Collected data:
lemma has_integral_Ln_mult_sin_sq:
  assumes "norm \<alpha> < 1"
  shows "((\<lambda>t. Ln (1 - \<alpha> * exp (- \<i> * of_real t)) * of_real (sin t ^ 2)) has_integral
          (of_real pi * \<alpha> ^ 2 / 8 - 4 * \<i> * quartic_series \<alpha>)) {0..pi}"
proof -
  define f where "f n t = - (\<alpha> ^ n / of_nat n) * (exp (- \<i> * of_nat n * of_real t) * of_real (sin t ^ 2))"
    for n t
  have f_bound: "norm (f n t) \<le> norm \<alpha> ^ n" for n t
  proof -
    have "norm (f n t) = norm \<alpha> ^ n / real n * sin t ^ 2"
      by (simp add: f_def norm_mult norm_divide norm_power norm_exp)
    also have "\<dots> \<le> norm \<alpha> ^ n / real n"
      by (intro mult_left_le) (auto simp: abs_square_le_1)
    also have "\<dots> \<le> norm \<alpha> ^ n"
      by (cases "n = 0") (auto simp: divide_le_eq mult_le_cancel_left1)
    finally show ?thesis .
  qed
  define c where "c n = - (\<alpha> ^ n / of_nat n) *
    (if n = 0 then of_real pi / 2 else if n = 2 then - of_real pi / 4
     else 4 * \<i> * of_nat n * quartic_coeff n)" for n
  have "((\<lambda>t. \<Sum>n. f n t) has_integral (\<Sum>n. c n)) {0..pi}"
  proof (rule has_integral_suminf[OF _ _ f_bound])
    show "continuous_on {0..pi} (f n)" for n
      unfolding f_def by (intro continuous_intros)
    show "(f n has_integral c n) {0..pi}" for n
      unfolding f_def c_def by (intro has_integral_mult_right has_integral_exp_mult_sin_sq)
    show "summable (\<lambda>n. norm \<alpha> ^ n)"
      using assms by simp
  qed
  moreover have "(\<lambda>t. \<Sum>n. f n t) =
                 (\<lambda>t. Ln (1 - \<alpha> * exp (- \<i> * of_real t)) * of_real (sin t ^ 2))"
    using Ln_one_minus_mult_sin_sq_sums[OF assms] by (simp add: f_def sums_iff)
  moreover have "c = (\<lambda>n. (if n = 2 then of_real pi * \<alpha> ^ 2 / 8 else 0) - 4 * \<i> * (quartic_coeff n * \<alpha> ^ n))"
    by (auto simp: c_def quartic_coeff_def)
  then have "c sums (of_real pi * \<alpha> ^ 2 / 8 - 4 * \<i> * quartic_series \<alpha>)"
    using sums_diff[OF sums_single[of 2 "\<lambda>_. of_real pi * \<alpha> ^ 2 / 8"]
                   sums_mult[OF quartic_series_sums, of \<alpha> "4 * \<i>"]] assms
    by simp
  ultimately show ?thesis
    by (simp add: sums_iff)
qed

lemma J_eq_quartic_series_less_one:
  assumes "0 \<le> a" "a < 1"
  shows "J a \<phi> = a ^ 2 * cos (2 * \<phi>) / 4 + 8 / pi * Im (quartic_series (of_real a * cis \<phi>))"
proof -
  define \<alpha> where "\<alpha> = of_real a * cis \<phi>"
  have norm_\<alpha>: "norm \<alpha> = a"
    using assms by (simp add: \<alpha>_def norm_mult)
  have integrand_eq: "ln (1 - 2 * a * cos (t - \<phi>) + a ^ 2) * sin t ^ 2 =
      2 * Re (Ln (1 - \<alpha> * exp (- \<i> * of_real t)) * of_real (sin t ^ 2))" for t
  proof -
    have w_rcis: "\<alpha> * exp (- \<i> * of_real t) = of_real a * cis (\<phi> - t)"
      by (simp add: \<alpha>_def cis_conv_exp exp_add[symmetric] algebra_simps)
    then have "norm (\<alpha> * exp (- \<i> * of_real t)) = a"
      using assms by (simp add: norm_mult)
    then have "1 - \<alpha> * exp (- \<i> * of_real t) \<noteq> 0"
      using assms by auto
    moreover have "1 - 2 * a * cos (t - \<phi>) + a ^ 2 = norm (1 - \<alpha> * exp (- \<i> * of_real t)) ^ 2"
      unfolding w_rcis norm_one_minus_rcis_sq by (simp add: cos_diff mult_ac)
    ultimately show ?thesis
      by (simp add: ln_realpow flip: of_real_power)
  qed
  have "((\<lambda>t. ln (1 - 2 * a * cos (t - \<phi>) + a ^ 2) * sin t ^ 2) has_integral
          2 * Re (of_real pi * \<alpha> ^ 2 / 8 - 4 * \<i> * quartic_series \<alpha>)) {0..pi}"
    unfolding integrand_eq
    using has_integral_linear[OF has_integral_Ln_mult_sin_sq bounded_linear_Re] assms norm_\<alpha>
    by (intro has_integral_mult_right) (simp add: o_def)
  moreover have "Re (\<alpha> ^ 2) = a ^ 2 * cos (2 * \<phi>)"
    using Complex.DeMoivre[of \<phi> 2] by (simp add: \<alpha>_def power_mult_distrib)
  ultimately show ?thesis
    unfolding J_def by (simp add: integral_unique field_simps \<alpha>_def)
qed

* PROBLEM DETAILS: Scan the entries for lines holding the string "dots", then copy every one of them.

* SOLUTION FOR THIS EXERCISE:
    also have "\<dots> \<le> norm \<alpha> ^ n / real n"
    also have "\<dots> \<le> norm \<alpha> ^ n"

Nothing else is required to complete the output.